lemma fvec_uminus: "v \<in> fvec B \<Longrightarrow> (\<lambda>j. - v j) \<in> fvec B"
  by (simp add: fvec_def)

lemma fvec_add:
  assumes "v \<in> fvec B" "w \<in> fvec B"
  shows "(\<lambda>j. v j + w j) \<in> fvec B"
proof (rule fvecI)
  have "{j. v j + w j \<noteq> 0} \<subseteq> {j. v j \<noteq> 0} \<union> {j. w j \<noteq> 0}" by auto
  then show "finite {j. v j + w j \<noteq> 0}"
    by (rule finite_subset) (use assms in \<open>simp add: fvec_finite_support\<close>)
qed (use assms in \<open>simp add: fvec_vanishes\<close>)

lemma lapply_eq_sum_superset:
  assumes "finite S" "{j. v j \<noteq> 0} \<subseteq> S"
  shows "lapply D v i = (\<Sum>j\<in>S. v j * D j i)"
  unfolding lapply_def by (rule sum.mono_neutral_left[OF assms]) auto

lemma lapply_add:
  assumes "finite {j. u j \<noteq> 0}" "finite {j. w j \<noteq> 0}"
  shows "lapply D (\<lambda>j. u j + w j) i = lapply D u i + lapply D w i"
proof -
  let ?S = "{j. u j \<noteq> 0} \<union> {j. w j \<noteq> 0}"
  have S: "finite ?S" using assms by simp
  have "lapply D (\<lambda>j. u j + w j) i = (\<Sum>j\<in>?S. (u j + w j) * D j i)"
    by (rule lapply_eq_sum_superset[OF S]) auto
  also have "\<dots> = (\<Sum>j\<in>?S. u j * D j i) + (\<Sum>j\<in>?S. w j * D j i)"
    by (simp add: distrib_right sum.distrib)
  also have "\<dots> = lapply D u i + lapply D w i"
    using lapply_eq_sum_superset[OF S, of u D i] lapply_eq_sum_superset[OF S, of w D i] by auto
  finally show ?thesis .
qed

lemma lapply_uminus: "lapply D (\<lambda>j. - u j) i = - lapply D u i"
  by (simp add: lapply_def sum_negf)

lemma lapply_zero: "lapply D (\<lambda>_. 0) = (\<lambda>_. 0)"
  by (simp add: lapply_def fun_eq_iff)

lemma lapply_fvec:
  assumes D: "is_hom B C D" and v: "v \<in> fvec B"
  shows "lapply D v \<in> fvec C"
proof (rule fvecI)
  have D_col: "D j \<in> fvec C" if "v j \<noteq> 0" for j
    using D fvec_vanishes[OF v] that unfolding is_hom_def by blast
  have "lapply D v i = 0" if "\<forall>j. v j \<noteq> 0 \<longrightarrow> D j i = 0" for i
    unfolding lapply_def using that by (simp add: sum.neutral)
  then have "{i. lapply D v i \<noteq> 0} \<subseteq> (\<Union>j\<in>{j. v j \<noteq> 0}. {i. D j i \<noteq> 0})"
    by blast
  moreover have "finite (\<Union>j\<in>{j. v j \<noteq> 0}. {i. D j i \<noteq> 0})"
    using fvec_finite_support[OF v] fvec_finite_support[OF D_col] by blast
  ultimately show "finite {i. lapply D v i \<noteq> 0}" by (rule finite_subset)
  show "lapply D v i = 0" if "i \<notin> C" for i
    unfolding lapply_def using fvec_vanishes[OF D_col that] by (auto intro: sum.neutral)
qed

lemma lapply_split_image:
  assumes fin: "finite {j. w j \<noteq> 0}" and I: "finite I" and f: "inj_on f I"
  shows "lapply D w x = lapply D (\<lambda>j. if j \<in> f ` I then 0 else w j) x + (\<Sum>i\<in>I. w (f i) * D (f i) x)"
proof -
  let ?S = "{j. w j \<noteq> 0} \<union> f ` I"
  have S: "finite ?S" using fin I by simp
  have "lapply D w x = (\<Sum>j\<in>?S - f ` I. w j * D j x) + (\<Sum>j\<in>f ` I. w j * D j x)"
    using lapply_eq_sum_superset[OF S, of w D x] sum.subset_diff[of "f ` I" ?S] S by auto
  moreover have "lapply D (\<lambda>j. if j \<in> f ` I then 0 else w j) x = (\<Sum>j\<in>?S - f ` I. w j * D j x)"
    by (subst lapply_eq_sum_superset[of "?S - f ` I"]) (use S in auto)
  moreover have "(\<Sum>j\<in>f ` I. w j * D j x) = (\<Sum>i\<in>I. w (f i) * D (f i) x)"
    by (simp add: sum.reindex[OF f])
  ultimately show ?thesis by simp
qed

section \<open>Direct sums and mapping cones\<close>

lemma fvec_Sigma_slice: "v \<in> fvec (Sigma I C) \<Longrightarrow> (\<lambda>x. v (i, x)) \<in> fvec (C i)"
proof (rule fvecI)
  assume v: "v \<in> fvec (Sigma I C)"
  show "finite {x. v (i, x) \<noteq> 0}"
    using finite_vimageI[OF fvec_finite_support[OF v], of "Pair i"] by (simp add: vimage_def inj_on_def)
  show "v (i, x) = 0" if "x \<notin> C i" for x
    using fvec_vanishes[OF v] that by blast
qed

lemma fvec_Sigma_glue:
  assumes "finite I" and "\<forall>i\<in>I. g i \<in> fvec (C i)"
  shows "(\<lambda>c. if fst c \<in> I then g (fst c) (snd c) else 0) \<in> fvec (Sigma I C)"
proof (rule fvecI)
  have "{c. (if fst c \<in> I then g (fst c) (snd c) else 0) \<noteq> 0} \<subseteq> Sigma I (\<lambda>i. {x. g i x \<noteq> 0})"
    by (auto split: if_splits)
  then show "finite {c. (if fst c \<in> I then g (fst c) (snd c) else 0) \<noteq> 0}"
    by (rule finite_subset) (use assms in \<open>auto intro!: finite_SigmaI fvec_finite_support\<close>)
  show "(if fst c \<in> I then g (fst c) (snd c) else 0) = 0" if "c \<notin> Sigma I C" for c
    using that assms(2) by (cases c) (auto simp: fvec_vanishes)
qed

lemma lapply_Sigma:
  assumes I: "finite I" and v: "v \<in> fvec (Sigma I C)"
  shows "lapply D v y = (\<Sum>i\<in>I. lapply (\<lambda>x. D (i, x)) (\<lambda>x. v (i, x)) y)"
proof -
  have "{c. v c \<noteq> 0} = Sigma I (\<lambda>i. {x. v (i, x) \<noteq> 0})"
    using fvec_vanishes[OF v] by fastforce
  then show ?thesis
    unfolding lapply_def
    using sum.Sigma[OF I, of "\<lambda>i. {x. v (i, x) \<noteq> 0}" "\<lambda>i x. v (i, x) * D (i, x) y"]
      fvec_finite_support[OF fvec_Sigma_slice[OF v]] by (simp add: case_prod_beta)
qed

definition diag_sum :: "('i \<Rightarrow> 'b \<Rightarrow> 'c \<Rightarrow> 'r::zero) \<Rightarrow> 'i \<times> 'b \<Rightarrow> 'i \<times> 'c \<Rightarrow> 'r" where
  "diag_sum M c c' = (if fst c = fst c' then M (fst c) (snd c) (snd c') else 0)"

lemma lapply_diag_sum:
  assumes fin: "finite {c. v c \<noteq> 0}"
  shows "lapply (diag_sum M) v (i, y) = lapply (M i) (\<lambda>x. v (i, x)) y"
proof -
  have "lapply (diag_sum M) v (i, y) = (\<Sum>c\<in>{c. v c \<noteq> 0}. if fst c = i then v c * M i (snd c) y else 0)"
    unfolding lapply_def by (intro sum.cong) (auto simp: diag_sum_def)
  also have "\<dots> = (\<Sum>c\<in>Pair i ` {x. v (i, x) \<noteq> 0}. v c * M i (snd c) y)"
    by (subst sum.inter_filter[OF fin, symmetric]) (auto intro: sum.cong)
  also have "\<dots> = lapply (M i) (\<lambda>x. v (i, x)) y"
    by (subst sum.reindex) (auto simp: inj_on_def lapply_def)
  finally show ?thesis .
qed

lemma is_hom_diag_sum:
  assumes "\<forall>i\<in>I. is_hom (C i) (C' i) (M i)"
  shows "is_hom (Sigma I C) (Sigma I C') (diag_sum M)"
  unfolding is_hom_def
proof
  fix c assume "c \<in> Sigma I C"
  then obtain i g where c: "c = (i, g)" and col: "M i g \<in> fvec (C' i)"
    using assms unfolding is_hom_def by blast
  show "diag_sum M c \<in> fvec (Sigma I C')"
  proof (rule fvecI)
    have "{c'. diag_sum M c c' \<noteq> 0} \<subseteq> Pair i ` {x. M i g x \<noteq> 0}"
      by (auto simp: c diag_sum_def split: if_splits)
    then show "finite {c'. diag_sum M c c' \<noteq> 0}"
      by (rule finite_subset) (use fvec_finite_support[OF col] in simp)
    show "diag_sum M c c' = 0" if "c' \<notin> Sigma I C'" for c'
      using that fvec_vanishes[OF col] \<open>c \<in> Sigma I C\<close> by (cases c') (auto simp: c diag_sum_def)
  qed
qed

lemma diag_sum_boundaryI:
  assumes I: "finite I" and u: "u \<in> fvec (Sigma I C')"
    and slices: "\<forall>i\<in>I. (\<lambda>x. u (i, x)) \<in> lapply (N i) ` fvec (C i)"
  shows "u \<in> lapply (diag_sum N) ` fvec (Sigma I C)"
proof -
  obtain g where g: "\<forall>i\<in>I. g i \<in> fvec (C i) \<and> lapply (N i) (g i) = (\<lambda>x. u (i, x))"
    using slices by (simp add: image_iff) metis
  define w where "w c = (if fst c \<in> I then g (fst c) (snd c) else 0)" for c
  have w: "w \<in> fvec (Sigma I C)"
    unfolding w_def[abs_def] by (rule fvec_Sigma_glue) (use I g in auto)
  have "lapply (diag_sum N) w (i, y) = u (i, y)" for i y
  proof (cases "i \<in> I")
    case True
    then have "(\<lambda>x. w (i, x)) = g i" by (simp add: w_def)
    then show ?thesis
      using g True by (simp add: lapply_diag_sum[OF fvec_finite_support[OF w]] fun_eq_iff)
  next
    case False
    then have "(\<lambda>x. w (i, x)) = (\<lambda>_. 0)" by (simp add: w_def)
    then show ?thesis
      using False fvec_vanishes[OF u, of "(i, y)"]
      by (simp add: lapply_diag_sum[OF fvec_finite_support[OF w]] lapply_zero)
  qed
  then have "lapply (diag_sum N) w = u" by (simp add: fun_eq_iff)
  with w show ?thesis by blast
qed

lemma fvec_Plus_iff:
  "f \<in> fvec (Inl ` A \<union> Inr ` B) \<longleftrightarrow> (\<lambda>a. f (Inl a)) \<in> fvec A \<and> (\<lambda>b. f (Inr b)) \<in> fvec B"
proof -
  have supp: "{c. f c \<noteq> 0} = Inl ` {a. f (Inl a) \<noteq> 0} \<union> Inr ` {b. f (Inr b) \<noteq> 0}"
    by (rule set_eqI, rename_tac c, case_tac c) auto
  have "finite {c. f c \<noteq> 0} \<longleftrightarrow> finite {a. f (Inl a) \<noteq> 0} \<and> finite {b. f (Inr b) \<noteq> 0}"
    unfolding supp by (simp add: finite_image_iff)
  then show ?thesis
    unfolding fvec_def by (auto, rename_tac c, case_tac c, auto)
qed

lemma lapply_Plus:
  assumes "finite {c. v c \<noteq> 0}"
  shows "lapply D v x = lapply (\<lambda>a. D (Inl a)) (\<lambda>a. v (Inl a)) x + lapply (\<lambda>b. D (Inr b)) (\<lambda>b. v (Inr b)) x"
proof -
  let ?L = "{a. v (Inl a) \<noteq> 0}" and ?R = "{b. v (Inr b) \<noteq> 0}"
  have supp: "{c. v c \<noteq> 0} = Inl ` ?L \<union> Inr ` ?R"
    by (rule set_eqI, rename_tac c, case_tac c) auto
  have "finite ?L" "finite ?R"
    using assms unfolding supp by (simp_all add: finite_image_iff)
  then show ?thesis
    unfolding lapply_def supp by (subst sum.union_disjoint) (auto simp: sum.reindex)
qed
.....
Say how many lines of the entries above hold the string "subst", and say nothing besides the number.

4